You are missing a parenthesis. Do you mean (1- sqrt(1- 4x^2))/x< 3?

First, because of the \sqrt{1- 4x^2}, x must lie between -1/2 and 1/2.

In my opinion the best way to handle such an inequality is to first solve the associated equation, \frac{\sqrt{1- 4x^2}}{x}= 3. To solve that multiply both sides by x to get \sqrt{1- 4x^2}= 3x and square both sides to get 1- 4x^2= 9x^2. Then 13x^2= 1, x= \pm\sqrt{1/13}.

The point of that is that in order that the value of a function change from "< 3" to "> 3" it must either be "= 3" or be discontinuous. This function is 3 at x=\pm\sqrt{1/13} and, because of the division by 3, is discontinuous at x= 0.

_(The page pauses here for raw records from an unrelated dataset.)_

lemma subgroup_add_sorted_span:
  assumes "subgroup_add A"
  shows "subgroup_add (sorted_span A)"
proof
  interpret subgroup_add A by fact
  show "0 \<in> sorted_span A"
    using sorted_spanI[of "{}"] by simp
  show "f + g \<in> sorted_span A" if "f \<in> sorted_span A" "g \<in> sorted_span A" for f g
  proof -
    obtain F d where F: "finite F" "\<forall>u\<in>F. sorted u \<and> d u \<in> A"
      "f = (\<Sum>u\<in>F. nc_mult (nc_mono u) (d u))"
      using \<open>f \<in> sorted_span A\<close> by (rule sorted_spanE)
    obtain G e where G: "finite G" "\<forall>u\<in>G. sorted u \<and> e u \<in> A"
      "g = (\<Sum>u\<in>G. nc_mult (nc_mono u) (e u))"
      using \<open>g \<in> sorted_span A\<close> by (rule sorted_spanE)
    define h where "h u = (if u \<in> F then d u else 0) + (if u \<in> G then e u else 0)" for u
    have "(\<Sum>u\<in>F \<union> G. nc_mult (nc_mono u) (h u))
        = (\<Sum>u\<in>F \<union> G. if u \<in> F then nc_mult (nc_mono u) (d u) else 0)
          + (\<Sum>u\<in>F \<union> G. if u \<in> G then nc_mult (nc_mono u) (e u) else 0)"
      unfolding h_def nc_mult_add_right sum.distrib by (intro arg_cong2[where f = "(+)"] sum.cong) auto
    also have "\<dots> = f + g"
      using F(1,3) G(1,3) by (simp add: sum.inter_restrict[symmetric] Int_absorb1)
    finally have "f + g = (\<Sum>u\<in>F \<union> G. nc_mult (nc_mono u) (h u))" ..
    also have "\<dots> \<in> sorted_span A"
      using F(1,2) G(1,2) by (intro sorted_spanI) (auto simp: h_def add_mem)
    finally show ?thesis .
  qed
  show "- f \<in> sorted_span A" if "f \<in> sorted_span A" for f
  proof -
    obtain F d where F: "finite F" "\<forall>u\<in>F. sorted u \<and> d u \<in> A"
      "f = (\<Sum>u\<in>F. nc_mult (nc_mono u) (d u))"
      using \<open>f \<in> sorted_span A\<close> by (rule sorted_spanE)
    then have "- f = (\<Sum>u\<in>F. nc_mult (nc_mono u) (- d u))"
      by (simp only: nc_mult_minus_right sum_negf)
    also have "\<dots> \<in> sorted_span A"
      using F(1,2) by (intro sorted_spanI) (auto intro: uminus_mem)
    finally show ?thesis .
  qed
qed

lemma not_sorted_adjacent_descent:
  "\<not> sorted w \<Longrightarrow> \<exists>a i j b. w = a @ [j, i] @ b \<and> i < (j::nat)"
proof (induction w)
  case (Cons x xs)
  show ?case
  proof (cases xs)
    case (Cons y zs)
    show ?thesis
    proof (cases "y < x")
      case True
      then show ?thesis
        using \<open>xs = y # zs\<close> by (intro exI[of _ "[]"]) auto
    next
      case False
      then have "\<not> sorted xs"
        using Cons.prems \<open>xs = y # zs\<close> by (metis sorted2 not_less)
      then obtain a i j b where "xs = a @ [j, i] @ b" "i < j"
        using Cons.IH by blast
      then show ?thesis
        by (intro exI[of _ "x # a"]) auto
    qed
  qed (use Cons.prems in simp)
qed simp

lemma mono_comm_mono_in_sorted_span:
  assumes shorter: "\<And>v \<rho>. length v < n \<Longrightarrow> nc_mult (nc_mono v) \<rho> \<in> sorted_span (Gamma_cyclic \<rho>)"
    and "length a + length b < n" "c \<in> left_comms"
  shows "nc_mult (nc_mono a) (nc_mult c (nc_mult (nc_mono b) \<rho>)) \<in> sorted_span (Gamma_cyclic \<rho>)"
  using assms(2,3)
proof (induction b arbitrary: a c)
  case Nil
  have "nc_mult (nc_mono a) (nc_mult c \<rho>) \<in> sorted_span (Gamma_cyclic (nc_mult c \<rho>))"
    using Nil.prems(1) by (intro shorter) simp
  also have "\<dots> \<subseteq> sorted_span (Gamma_cyclic \<rho>)"
    using Nil.prems(2) left_comms_subset_Gamma
    by (intro sorted_span_mono Gamma_cyclic_mult_subset) blast
  finally show ?case
    by (simp add: nc_mono_Nil)
next
  case (Cons j b)
  define Y where "Y = nc_mult (nc_mono b) \<rho>"
  have "nc_mult (nc_mono a) (nc_mult c (nc_mult (nc_mono (j # b)) \<rho>))
      = nc_mult (nc_mono a) (nc_mult (nc_mult c (nc_var j)) Y)"
    using nc_mono_mult_assoc[of "[j]" b \<rho>] by (simp add: Y_def nc_var_def nc_mult_assoc)
  also have "\<dots> = nc_mult (nc_mono (a @ [j])) (nc_mult c Y)
                + nc_mult (nc_mono a) (nc_mult (nc_comm c (nc_var j)) Y)"
    unfolding nc_mult_var_swap nc_mult_add_left nc_mult_add_right
    by (simp add: nc_mult_assoc nc_var_def nc_mono_mult_assoc)
  also have "\<dots> \<in> sorted_span (Gamma_cyclic \<rho>)"
    unfolding Y_def
    by (intro subgroup_add.add_mem[OF subgroup_add_sorted_span[OF subgroup_add_Gamma_cyclic]] Cons.IH)
       (use Cons.prems left_comms_comm_var in simp_all)
  finally show ?case .
qed

text \<open>Swapping a descent makes a word smaller in \<open>lenlex\<close>; the commutator it creates only
  meets strictly shorter words.\<close>

lemma mono_mult_in_sorted_span: "nc_mult (nc_mono w) \<rho> \<in> sorted_span (Gamma_cyclic \<rho>)"
proof (induction w arbitrary: \<rho> rule: wf_induct[OF wf_lenlex[OF wf_less_than]])
  case (1 w)
  show ?case
  proof (cases "sorted w")
    case True
    then show ?thesis
      by (rule sorted_mono_mult_in_sorted_span[OF _ self_in_Gamma_cyclic])
  next
    case False
    then obtain a i j b where w: "w = a @ [j, i] @ b" "i < j"
      using not_sorted_adjacent_descent by blast
    have "nc_mult (nc_mono w) \<rho>
        = nc_mult (nc_mono a) (nc_mult (nc_mono [j, i]) (nc_mult (nc_mono b) \<rho>))"
      by (simp add: w nc_mono_mult_assoc)
    also have "\<dots> = nc_mult (nc_mono (a @ [i, j] @ b)) \<rho>
        + nc_mult (nc_mono a) (nc_mult (left_comm [j, i]) (nc_mult (nc_mono b) \<rho>))"
      unfolding nc_mono_swap[of j i] nc_mult_add_left nc_mult_add_right
      by (simp add: nc_mono_mult_assoc)
    also have "\<dots> \<in> sorted_span (Gamma_cyclic \<rho>)"
    proof (intro subgroup_add.add_mem[OF subgroup_add_sorted_span[OF subgroup_add_Gamma_cyclic]])
      have "(a @ [i, j] @ b, w) \<in> lenlex less_than"
        using w by (simp add: lenlex_conv lex_append_leftI)
      then show "nc_mult (nc_mono (a @ [i, j] @ b)) \<rho> \<in> sorted_span (Gamma_cyclic \<rho>)"
        using "1" by blast
      have "nc_mult (nc_mono v) \<rho>' \<in> sorted_span (Gamma_cyclic \<rho>')" if "length v < length w" for v \<rho>'
        using "1" that by (simp add: lenlex_conv)
      then show "nc_mult (nc_mono a) (nc_mult (left_comm [j, i]) (nc_mult (nc_mono b) \<rho>))
          \<in> sorted_span (Gamma_cyclic \<rho>)"
        by (rule mono_comm_mono_in_sorted_span) (auto simp: w left_comms_def)
    qed
    finally show ?thesis .
  qed
qed

lemma ZX_mult_in_sorted_span:
  assumes "g \<in> ZX"
  shows "nc_mult g \<rho> \<in> sorted_span (Gamma_cyclic \<rho>)"
proof -
  interpret span: subgroup_add "sorted_span (Gamma_cyclic \<rho>)"
    by (intro subgroup_add_sorted_span subgroup_add_Gamma_cyclic)
  have "nc_mult g \<rho> = (\<Sum>w\<in>{w. g w \<noteq> 0}. nc_smult (g w) (nc_mult (nc_mono w) \<rho>))"
    by (subst ZX_monomial_expansion[OF assms]) (simp only: nc_mult_sum_left nc_mult_smult_left)
  also have "\<dots> \<in> sorted_span (Gamma_cyclic \<rho>)"
    by (intro span.sum_mem subgroup_add_nc_smult[OF span.subgroup_add_axioms] mono_mult_in_sorted_span)
  finally show ?thesis .
qed

lemma ZX_subset_sorted_span_Gamma: "ZX \<subseteq> sorted_span Gamma"
proof
  fix f
  assume "f \<in> ZX"
  then have "nc_mult f nc_one \<in> sorted_span (Gamma_cyclic nc_one)"
    by (rule ZX_mult_in_sorted_span)
  moreover have "Gamma_cyclic nc_one = Gamma"
    by (simp add: Gamma_cyclic_def)
  ultimately show "f \<in> sorted_span Gamma"
    by simp
qed

lemma ZX_mult_in_sorted_span_left_ideal_gen:
  assumes "r \<in> ZX" "f \<in> sorted_span (left_ideal_gen Gamma S)"
  shows "nc_mult r f \<in> sorted_span (left_ideal_gen Gamma S)"
proof -
  interpret span: subgroup_add "sorted_span (left_ideal_gen Gamma S)"
    by (intro subgroup_add_sorted_span left_ideal_gen.subgroup_add_axioms)
  obtain F d where F: "finite F" "\<forall>u\<in>F. sorted u \<and> d u \<in> left_ideal_gen Gamma S"
    "f = (\<Sum>u\<in>F. nc_mult (nc_mono u) (d u))"
    using assms(2) by (rule sorted_spanE)
  have "nc_mult r f = (\<Sum>u\<in>F. nc_mult (nc_mult r (nc_mono u)) (d u))"
    unfolding F(3) by (simp only: nc_mult_sum_right nc_mult_assoc)
  also have "\<dots> \<in> sorted_span (left_ideal_gen Gamma S)"
  proof (rule span.sum_mem)
    fix u
    assume "u \<in> F"
    have "nc_mult (nc_mult r (nc_mono u)) (d u) \<in> sorted_span (Gamma_cyclic (d u))"
      using assms(1) by (intro ZX_mult_in_sorted_span nc_mult_in_ZX nc_mono_in_ZX)
    also have "\<dots> \<subseteq> sorted_span (left_ideal_gen Gamma S)"
      using F(2) \<open>u \<in> F\<close> by (intro sorted_span_mono Gamma_cyclic_subset_left_ideal_gen) blast
    finally show "nc_mult (nc_mult r (nc_mono u)) (d u) \<in> sorted_span (left_ideal_gen Gamma S)" .
  qed
  finally show ?thesis .
qed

Now, check one value in each interval, -1/2\le x\le -\sqrt{1/13}, -\sqrt{1/13}\le x&lt; 0, 0&lt; x\le \sqrt{1/13}, and \sqrt{1/13}\le x\le 1/2 to determine in which interval the value is less than 3 and in which the value greater than 3.
 
Thank you for the help!
I understood, but I have one question.Why the associated equation is sqrt(1-4x^2)/x=3 and not (1-sqrt(1-4x^2))/x=3 ? Why you cancel that "1" ?
 
I just mistakenly dropped it! Yes, the associated equation should be \frac{1- \sqrt{1- x^2}}{x}= 3 so that 1- \sqrt{1- 4x^2}= 3x. Then \sqrt{1- 4x^2}= 1- 3x and, squaring both sides, 1- 4x^2= 9x^2- 6x+ 1. That gives us the quadratic equation 13x^2- 6x= x(13x- 6)= 0 which has roots 0 and -6/13.
 
Country Boy said:
That gives us the quadratic equation 13x^2- 6x= x(13x- 6)= 0
which has roots 0 and -6/13.
0 and 6/13 :)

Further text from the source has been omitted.